Dataset entries
====

(* Against an oblivious adversary in the ASYNC$_{IC}$ model (arbitrary wait times $\mathcal{W}\ge 0$, zero computation delay $\mathcal{C}=0$), if the algorithm knows the ratio $\alpha$ of the speeds of the two robots, then it is possible to gather the two robots: there is a randomized algorithm such that, for every choice of wait times by the adversary, the robots gather with positive probability.
   Context: Two robots are anonymous, oblivious (no memory of past cycles), silent (no communication) points in the Euclidean plane with no common coordinate system, each having access to random bits; each robot moves at its own constant speed, and $\alpha>0$ denotes the ratio of their speeds (a robot cannot tell whether it is the faster or slower one). Each robot repeatedly executes a cycle in which it stays still for a while, then moves: the look instant (when it obtains a snapshot of the other robot's current position, which may be in motion) splits the stationary period into a wait time $\mathcal{W}$ (before the look) and a computation delay $\mathcal{C}$ (after the look). It then moves to a destination computed from the snapshot and its random bits, reaching it in the same cycle (rigid movement). A robot that looks and finds the other robot at its own position decides it has gathered and never moves again; gathering means both robots are at the same point. The scheduler is an adversary choosing the wait times and computation delays of every cycle of each robot; an oblivious adversary knows the algorithm but not the outcomes of random bits, so it fixes all these sequences before the execution. ASYNC$_{IC}$ is the asynchronous model with all computation delays equal to $0$. *)

theory Defs
  imports "HOL-Probability.Probability"
begin

text \<open>Robots are indexed by bool; the other robot of i is (\<not> i).
  Positions are points of the plane, represented as complex numbers.\<close>

text \<open>Local coordinate systems: arbitrary similarities of the plane
  (origin, orientation, unit length and chirality all unknown).\<close>
definition similarity :: "(complex \<Rightarrow> complex) \<Rightarrow> bool" where
  "similarity f \<longleftrightarrow> (\<exists>a b. a \<noteq> 0 \<and>
      (f = (\<lambda>z. a * z + b) \<or> f = (\<lambda>z. a * cnj z + b)))"

text \<open>Position of a robot at the start of its k-th cycle, given its initial
  position and the sequence of destinations D (rigid movement).\<close>
fun startpos :: "complex \<Rightarrow> (nat \<Rightarrow> complex) \<Rightarrow> nat \<Rightarrow> complex" where
  "startpos x0 D 0 = x0"
| "startpos x0 D (Suc k) = D k"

====

Your task is to output the full set of records exactly as presented.

(* Against an oblivious adversary in the ASYNC$_{IC}$ model (arbitrary wait times $\mathcal{W}\ge 0$, zero computation delay $\mathcal{C}=0$), if the algorithm knows the ratio $\alpha$ of the speeds of the two robots, then it is possible to gather the two robots: there is a randomized algorithm such that, for every choice of wait times by the adversary, the robots gather with positive probability.
   Context: Two robots are anonymous, oblivious (no memory of past cycles), silent (no communication) points in the Euclidean plane with no common coordinate system, each having access to random bits; each robot moves at its own constant speed, and $\alpha>0$ denotes the ratio of their speeds (a robot cannot tell whether it is the faster or slower one). Each robot repeatedly executes a cycle in which it stays still for a while, then moves: the look instant (when it obtains a snapshot of the other robot's current position, which may be in motion) splits the stationary period into a wait time $\mathcal{W}$ (before the look) and a computation delay $\mathcal{C}$ (after the look). It then moves to a destination computed from the snapshot and its random bits, reaching it in the same cycle (rigid movement). A robot that looks and finds the other robot at its own position decides it has gathered and never moves again; gathering means both robots are at the same point. The scheduler is an adversary choosing the wait times and computation delays of every cycle of each robot; an oblivious adversary knows the algorithm but not the outcomes of random bits, so it fixes all these sequences before the execution. ASYNC$_{IC}$ is the asynchronous model with all computation delays equal to $0$. *)

theory Defs
  imports "HOL-Probability.Probability"
begin

text \<open>Robots are indexed by bool; the other robot of i is (\<not> i).
  Positions are points of the plane, represented as complex numbers.\<close>

text \<open>Local coordinate systems: arbitrary similarities of the plane
  (origin, orientation, unit length and chirality all unknown).\<close>
definition similarity :: "(complex \<Rightarrow> complex) \<Rightarrow> bool" where
  "similarity f \<longleftrightarrow> (\<exists>a b. a \<noteq> 0 \<and>
      (f = (\<lambda>z. a * z + b) \<or> f = (\<lambda>z. a * cnj z + b)))"

text \<open>Position of a robot at the start of its k-th cycle, given its initial
  position and the sequence of destinations D (rigid movement).\<close>
fun startpos :: "complex \<Rightarrow> (nat \<Rightarrow> complex) \<Rightarrow> nat \<Rightarrow> complex" where
  "startpos x0 D 0 = x0"
| "startpos x0 D (Suc k) = D k"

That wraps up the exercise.